Они сидели, не снимая плащей, за голубым дюралевым столиком в стеклянном кафе. В тарелках стыли дряблые, переваренные пельмени, а в стаканах жирно блестел недопитый коньяк.
— Не придумывай себе болезни, ты здоров. Ты просто устал.
— Устал! С чего мне уставать? Это, знаешь, как журналисточка какая-нибудь спрашивает у передовика какого-нибудь: «Вы любите свою работу?» А человек смущается, мнется… «Люблю, — говорит, — а как же!» Словно про жену его спросили! Работу не любить, а делать надо! Чего ее любить! Должен! Чувство долга выше всякой там любви, а этого никто не хочет понимать! От «любви» устать можно, это верно. А если я должен? Тут щутки в сторону. Люби жену свою или чужую или соседку, когда она есть. Верно? А если я, например, люблю свою работу, а ты нет. Что получится, если на этом уровне. Люблю — не люблю! Любит — не любит, как на ромашке? Зарезал на столе человека… Ну что ж! Ты ведь не любишь свою работу, с тебя взятки гладки… Чушь собачья! У мужика должно быть развито, обострено чувство долга. Вот чего нам всем не хватает, черт побери! А ты говоришь — устал. До пронзительной боли в сердце чувство долга! Тогда ни усталости, ни пьянок, ничего этого не будет. А любовь пора бы оставить в покое…
— Ты о чем?
— О том самом, что не устал я ни черта, нет! — вскричал Тюхтин и зло повел взглядом вокруг. — Я не устаю от работы, потому что я ее не люблю, а просто делаю! Не устал я, а разозлился… Так что диагноз твой — липовый.
В маленьком битком набитом кафе люди с настороженным вниманием поглядывали на него и на Сизова, решив, вероятно, что они поссорились спьяну, хотя ни тот, ни другой пьяными не были, выпив по глотку коньяка, который только согрел их в этот пасмурный и холодный вечер.
В кафе, казалось, праздновали общую какую-то радость: люди были возбуждены и шумели не в меру. Пахло мокрой одеждой, дождем и пельменями. Улица отлого спускалась к тесной площади, к трамвайным путям, к кинотеатру, к метро… И люди мутными тенями шли сверху вниз, плыли за густо запотевшими стеклами, за которыми так же мутно и расплывчато загорались красные огни стоп-сигналов, отражаясь в мокрой мостовой, а в высоте так же нереально, в каком-то тумане менял свои цвета игрушечный светофор. Хлопала дверь. Старая посудомойка собирала бутылки, брала их, ворчала и уходила.

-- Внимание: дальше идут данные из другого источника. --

section \<open>Pseudoforests\<close>

lemma pseudoforest_subset:
  assumes pf: "pseudoforest n E" and "F \<subseteq> E"
  shows "pseudoforest n F"
  unfolding pseudoforest_def
proof (intro conjI ballI)
  have sg: "simple_graph n E" using pf by (simp add: pseudoforest_def)
  then show "simple_graph n F" using \<open>F \<subseteq> E\<close> by (rule simple_graph_mono)
  fix X assume "X \<in> components n F"
  then obtain w where w: "w \<in> vertices n" "X = reach n F `` {w}"
    by (auto simp: components_def elim: quotientE)
  define Y where "Y = reach n E `` {w}"
  have "X \<subseteq> Y" using reach_mono[OF \<open>F \<subseteq> E\<close>] w by (auto simp: Y_def)
  then have "{C \<in> cycle_subgraphs F. \<Union>C \<subseteq> X} \<subseteq> {C \<in> cycle_subgraphs E. \<Union>C \<subseteq> Y}"
    using \<open>F \<subseteq> E\<close> by (auto simp: cycle_subgraphs_def)
  moreover have "finite {C \<in> cycle_subgraphs E. \<Union>C \<subseteq> Y}"
    using finite_cycle_subgraphs[OF simple_graph_finite[OF sg]] by simp
  moreover have "Y \<in> components n E" using w by (auto simp: components_def Y_def intro: quotientI)
  then have "card {C \<in> cycle_subgraphs E. \<Union>C \<subseteq> Y} \<le> 1" using pf by (simp add: pseudoforest_def)
  ultimately show "card {C \<in> cycle_subgraphs F. \<Union>C \<subseteq> X} \<le> 1"
    by (meson card_mono le_trans)
qed

lemma card_cycles_through_edge:
  assumes pf: "pseudoforest n (insert {u, v} F)" and new: "{u, v} \<notin> F"
  shows "card {C \<in> cycle_subgraphs (insert {u, v} F). {u, v} \<in> C} = (if (u, v) \<in> reach n F then 1 else 0)"
proof -
  let ?E = "insert {u, v} F"
  let ?through = "{C \<in> cycle_subgraphs ?E. {u, v} \<in> C}"
  have sg: "simple_graph n ?E" using pf by (simp add: pseudoforest_def)
  have uv: "u \<noteq> v" "u \<in> vertices n" "v \<in> vertices n"
    using simple_graph_edgeD[OF sg insertI1] by simp_all
  have fin: "finite (cycle_subgraphs ?E)"
    using finite_cycle_subgraphs[OF simple_graph_finite[OF sg]] .
  show ?thesis
  proof (cases "(u, v) \<in> reach n F")
    case True
    then have "?through \<noteq> {}"
      using cycle_closed_by_edge[OF new uv(1)] by (auto simp: reach_adj)
    moreover have "card ?through \<le> 1"
    proof -
      define X where "X = reach n ?E `` {u}"
      have "?through \<subseteq> {C \<in> cycle_subgraphs ?E. \<Union>C \<subseteq> X}"
        using cycle_subgraph_in_component[OF sg] unfolding X_def by blast
      then have "card ?through \<le> card {C \<in> cycle_subgraphs ?E. \<Union>C \<subseteq> X}"
        using fin by (intro card_mono) simp_all
      also have "\<dots> \<le> 1"
        using pf uv by (auto simp: pseudoforest_def components_def X_def intro: quotientI)
      finally show ?thesis .
    qed
    moreover have "finite ?through" using fin by simp
    ultimately have "card ?through = 1"
      using card_0_eq[of ?through] by linarith
    then show ?thesis using True by simp
  next
    case False
    have "?through = {}"
    proof (rule ccontr)
      assume "?through \<noteq> {}"
      then have "(u, v) \<in> (adj (?E - {{u, v}}))\<^sup>*"
        using cycle_edge_not_bridge by blast
      then show False using False new uv by (simp add: reach_adj)
    qed
    then show ?thesis using False by (simp only: card.empty if_False)
  qed
qed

В этот неурочный для Сизова суматошный час «пик» его случайно встретил на улице Тюхтин и затащил в кафе.
— Что с тобой случилось? — спросил он. — Чего ты психуешь? Целое лето не виделись, а встретил как все равно врага. Ну что ты разорался на меня? С Олежкой, насколько я знаю, все в порядке. Верочка звонила нам, радостная, веселая, а ты… Погода на тебя так действует?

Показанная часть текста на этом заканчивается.